--- Task statement ---
Starting at the line that contains "(set U) (p @ s", output each line through the end of the data exactly, and nothing more.

►

lemma not_avoid_cond_1243_if_front_occurrence:
  assumes w: "length w = n" "set w = {1..n}" "w ! 0 = n"
    and occ: "k < n" "1 < l1" "l1 < l2" "l2 < n" "rotate k w ! 0 < rotate k w ! 1"
      "rotate k w ! 1 < rotate k w ! l2" "rotate k w ! l2 < rotate k w ! l1"
  shows "\<not> avoid_cond_1243 n w"
proof
  assume cond: "avoid_cond_1243 n w"
  have r: "rotate k w ! m = (if k + m < n then w ! (k + m) else w ! (k + m - n))" if "m < n" for m
    using nth_rotate_if[of k w m] that occ(1) w(1) by simp
  have le: "rotate k w ! m \<le> n" if "m < n" for m
    using r[OF that] perm_nth_bounds[OF w(1,2)] occ(1) that by auto
  have asc: "1 \<le> k" "Suc k < n" "w ! k < w ! Suc k"
    using front_ascent_of_max_first[OF w occ(1) _ occ(4,5,6)] occ(2,3) by auto
  have earlier: "w ! s < w ! Suc k" if "1 \<le> s" "s < k" for s
    using cond asc that unfolding avoid_cond_1243_def by blast
  have later: "\<not> (w ! Suc k < w ! t \<and> w ! t < w ! s)" if "Suc k < s" "s < t" "t < n" for s t
    using cond asc that unfolding avoid_cond_1243_def by blast
  consider "k + l2 < n" | "k + l2 = n" | "n < k + l2" by linarith
  then show False
  proof cases
    case 1
    then have "\<not> (w ! Suc k < w ! (k + l2) \<and> w ! (k + l2) < w ! (k + l1))"
      using later occ by simp
    then show False using r[of 1] r[of l1] r[of l2] occ asc 1 by simp
  next
    case 2
    then show False using r[of l2] le[of l1] occ w(3) by simp
  next
    case 3
    then have "w ! (k + l2 - n) < w ! Suc k"
      using earlier occ by simp
    then show False using r[of 1] r[of l2] occ asc 3 by simp
  qed
qed

lemma front_occurrence_1243_if_not_avoid_cond:
  assumes w: "length w = n" "distinct w" "set w = {1..n}" "w ! 0 = n"
    and "\<not> avoid_cond_1243 n w"
  shows "\<exists>k<n. \<exists>l1 l2. 1 < l1 \<and> l1 < l2 \<and> l2 < n \<and> rotate k w ! 0 < rotate k w ! 1 \<and>
           rotate k w ! 1 < rotate k w ! l2 \<and> rotate k w ! l2 < rotate k w ! l1"
proof -
  obtain j where j: "1 \<le> j" "Suc j < n" "w ! j < w ! Suc j" and
    viol: "(\<exists>s. 1 \<le> s \<and> s < j \<and> \<not> w ! s < w ! Suc j) \<or>
      (\<exists>s t. Suc j < s \<and> s < t \<and> t < n \<and> w ! Suc j < w ! t \<and> w ! t < w ! s)"
    using assms(5) unfolding avoid_cond_1243_def by blast
  have r: "rotate j w ! m = (if j + m < n then w ! (j + m) else w ! (j + m - n))" if "m < n" for m
    using nth_rotate_if[of j w m] that j w(1) by simp
  from viol show ?thesis
  proof
    assume "\<exists>s. 1 \<le> s \<and> s < j \<and> \<not> w ! s < w ! Suc j"
    then obtain s where s: "1 \<le> s" "s < j" "\<not> w ! s < w ! Suc j" by blast
    have "w ! s \<noteq> w ! Suc j" "w ! s \<noteq> w ! 0"
      using w(1,2) s j by (simp_all add: nth_eq_iff_index_eq)
    then have "w ! Suc j < w ! s" "w ! s < n"
      using s j w perm_nth_bounds[OF w(1,3), of s] by auto
    then show ?thesis
      using j s r[of 0] r[of 1] r[of "n - j"] r[of "s + n - j"] w(4)
      by (intro exI[of _ j] conjI exI[of _ "n - j"] exI[of _ "s + n - j"]) auto
  next
    assume "\<exists>s t. Suc j < s \<and> s < t \<and> t < n \<and> w ! Suc j < w ! t \<and> w ! t < w ! s"
    then obtain s t where st: "Suc j < s" "s < t" "t < n" "w ! Suc j < w ! t" "w ! t < w ! s" by blast
    then show ?thesis
      using j r[of 0] r[of 1] r[of "s - j"] r[of "t - j"]
      by (intro exI[of _ j] conjI exI[of _ "s - j"] exI[of _ "t - j"]) auto
  qed
qed

lemma cyc_contains_1243_iff:
  assumes w: "length w = n" "distinct w" "set w = {1..n}" "w ! 0 = n"
  shows "cyc_contains (cyc w) [1,2,4,3] {0} \<longleftrightarrow> \<not> avoid_cond_1243 n w"
proof -
  have "cyc_contains (cyc w) [1,2,4,3] {0} \<longleftrightarrow>
      (\<exists>k<n. \<exists>l1 l2. 1 < l1 \<and> l1 < l2 \<and> l2 < n \<and> rotate k w ! 0 < rotate k w ! 1 \<and>
         rotate k w ! 1 < rotate k w ! l2 \<and> rotate k w ! l2 < rotate k w ! l1)"
    unfolding cyc_contains_iff_rotate contains_vinc_1243
    using ex_rotation_occurrence_at_front[of w "\<lambda>a b c d. a < b \<and> b < d \<and> d < c"] w(1)
    by simp
  also have "\<dots> \<longleftrightarrow> \<not> avoid_cond_1243 n w"
    using not_avoid_cond_1243_if_front_occurrence[OF w(1,3,4)] front_occurrence_1243_if_not_avoid_cond[OF w]
    by blast
  finally show ?thesis .
qed

section \<open>Words with prescribed order and ascent tops\<close>

fun ascents_into :: "nat set \<Rightarrow> nat list \<Rightarrow> bool" where
  "ascents_into L (x # y # ys) = ((x < y \<longrightarrow> y \<in> L) \<and> ascents_into L (y # ys))"
| "ascents_into L _ = True"

lemma ascents_into_append:
  "ascents_into L (xs @ ys) \<longleftrightarrow>
    ascents_into L xs \<and> ascents_into L ys \<and> (xs \<noteq> [] \<and> ys \<noteq> [] \<and> last xs < hd ys \<longrightarrow> hd ys \<in> L)"
proof (induction xs)
  case Nil then show ?case by simp
next
  case (Cons a xs)
  then show ?case by (cases xs; cases ys) auto
qed

lemma ascents_into_Cons:
  "ascents_into L (x # ys) \<longleftrightarrow> ascents_into L ys \<and> (ys \<noteq> [] \<and> x < hd ys \<longrightarrow> hd ys \<in> L)"
  by (cases ys) auto

lemma ascents_into_iff_nth:
  "ascents_into L w \<longleftrightarrow> (\<forall>i. Suc i < length w \<longrightarrow> w ! i < w ! Suc i \<longrightarrow> w ! Suc i \<in> L)"
proof (induction L w rule: ascents_into.induct)
  case (1 L x y ys)
  then show ?case by (auto simp: nth_Cons split: nat.splits)
qed auto

lemma ascents_into_subset: "set w \<subseteq> L \<Longrightarrow> ascents_into L w"
  by (induction L w rule: ascents_into.induct) auto

lemma ascents_into_mono:
  "ascents_into L w \<Longrightarrow> L \<inter> set w \<subseteq> L' \<Longrightarrow> ascents_into L' w"
  by (induction L w rule: ascents_into.induct) auto

definition ascent_words :: "nat list \<Rightarrow> nat set \<Rightarrow> nat list set" where
  "ascent_words U S = {w. distinct w \<and> set w = set U \<union> S \<and> w \<noteq> [] \<and> hd w \<in> set U \<and>
                filter (\<lambda>x. x \<in> set U) w = U \<and> ascents_into (set U) w}"

lemma ascent_words_empty:
  assumes "distinct U" "U \<noteq> []"
  shows "ascent_words U {} = {U}"
proof
  show "ascent_words U {} \<subseteq> {U}"
  proof
    fix w assume w: "w \<in> ascent_words U {}"
    then have "filter (\<lambda>x. x \<in> set U) w = w" by (auto simp: ascent_words_def)
    then show "w \<in> {U}" using w by (simp add: ascent_words_def)
  qed
  show "{U} \<subseteq> ascent_words U {}"
    using assms by (auto simp: ascent_words_def ascents_into_subset)
qed

lemma hd_filter_eq:
  assumes "w \<noteq> []" "hd w \<in> set U" "filter (\<lambda>x. x \<in> set U) w = U"
  shows "hd U = hd w"
proof -
  obtain b ws where b: "w = b # ws" using assms(1) by (cases w) auto
  then have "U = b # filter (\<lambda>x. x \<in> set U) ws" using assms by auto
  then show ?thesis using b by (metis list.sel(1))
qed

definition insert_before :: "nat \<Rightarrow> nat option \<Rightarrow> nat list \<Rightarrow> nat list" where
  "insert_before s opt w = (case opt of None \<Rightarrow> w @ [s]
     | Some m \<Rightarrow> takeWhile (\<lambda>x. x \<noteq> m) w @ s # dropWhile (\<lambda>x. x \<noteq> m) w)"

definition successor :: "nat \<Rightarrow> nat list \<Rightarrow> nat option" where
  "successor s w = (case tl (dropWhile (\<lambda>x. x \<noteq> s) w) of [] \<Rightarrow> None | m # _ \<Rightarrow> Some m)"

lemma insert_before_split:
  "m \<notin> set p \<Longrightarrow> insert_before s (Some m) (p @ m # q) = p @ s # m # q"
  by (auto simp: insert_before_def takeWhile_append dropWhile_append)

lemma successor_split:
  "s \<notin> set p \<Longrightarrow> successor s (p @ s # q) = (case q of [] \<Rightarrow> None | m # _ \<Rightarrow> Some m)"
  by (auto simp: successor_def dropWhile_append)

lemma filter_insert_before:
  assumes "s \<notin> set w" "set_option opt \<subseteq> set w"
  shows "filter (\<lambda>x. x \<noteq> s) (insert_before s opt w) = w"
proof (cases opt)
  case None
  then show ?thesis using assms by (auto simp: insert_before_def filter_id_conv)
next
  case (Some m)
  then obtain p q where pq: "w = p @ m # q" "m \<notin> set p"
    using assms(2) by (metis insert_subset option.set(2) split_list_first)
  moreover have "filter (\<lambda>x. x \<noteq> s) p = p" "filter (\<lambda>x. x \<noteq> s) q = q"
    using assms pq by (auto simp: filter_id_conv)
  ultimately show ?thesis using assms Some by (auto simp: insert_before_split)
qed

lemma successor_insert_before:
  assumes "s \<notin> set w" "set_option opt \<subseteq> set w"
  shows "successor s (insert_before s opt w) = opt"
proof (cases opt)
  case None
  then show ?thesis using assms by (simp add: insert_before_def successor_split)
next
  case (Some m)
  then obtain p q where pq: "w = p @ m # q" "m \<notin> set p"
    using assms(2) by (metis insert_subset option.set(2) split_list_first)
  then show ?thesis using assms Some by (auto simp: insert_before_split successor_split)
qed

text \<open>Where a new smallest letter may go: directly before m (Some m), or at the end (None).\<close>

definition insert_slots :: "nat list \<Rightarrow> nat option set" where
  "insert_slots U = insert None (Some ` (set U - {hd U}))"

lemma card_insert_slots:
  assumes "distinct U" "U \<noteq> []"
  shows "card (insert_slots U) = length U"
proof -
  have "card (Some ` (set U - {hd U})) = length U - 1"
    using assms by (simp add: card_image distinct_card)
  then show ?thesis
    using assms unfolding insert_slots_def by (simp add: card_insert_if)
qed

lemma insert_before_in_ascent_words:
  assumes w: "w \<in> ascent_words U S" and o: "opt \<in> insert_slots U"
    and s: "s \<notin> set U" "s \<notin> S" "\<forall>x\<in>set U \<union> S. s < x"
  shows "insert_before s opt w \<in> ascent_words U (insert s S)"
proof (cases opt)
  case None
  have "insert_before s opt w = w @ [s]" using None by (simp add: insert_before_def)
  moreover have "last w > s" using w s by (auto simp: ascent_words_def)
  ultimately show ?thesis using w s by (auto simp: ascent_words_def ascents_into_append)
next
  case (Some m)
  have m: "m \<in> set U" "m \<noteq> hd U" using o Some by (auto simp: insert_slots_def)
  have hdw: "hd U = hd w" using w by (auto simp: ascent_words_def hd_filter_eq)
  have "m \<in> set w" using m w by (auto simp: ascent_words_def)
  then obtain p q where pq: "w = p @ m # q" "m \<notin> set p" by (meson split_list_first)
  have pne: "p \<noteq> []" using pq hdw m by auto
  have e: "insert_before s opt w = p @ s # m # q" using pq Some by (simp add: insert_before_split)
  have "last p \<in> set w" using pq pne by auto
  then have lp: "last p > s" using w s by (auto simp: ascent_words_def)
  have "ascents_into (set U) (p @ m # q)" using w pq by (simp add: ascent_words_def)
  then have "ascents_into (set U) (p @ s # m # q)"
    using lp m by (simp add: ascents_into_append ascents_into_Cons)
  moreover have "hd (p @ s # m # q) = hd w" using pq pne by simp
  ultimately show ?thesis using w s e pq by (auto simp: ascent_words_def)
qed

◄

--- Task answer ---
  then have "ascents_into (set U) (p @ s # m # q)"
    using lp m by (simp add: ascents_into_append ascents_into_Cons)
  moreover have "hd (p @ s # m # q) = hd w" using pq pne by simp
  ultimately show ?thesis using w s e pq by (auto simp: ascent_words_def)
qed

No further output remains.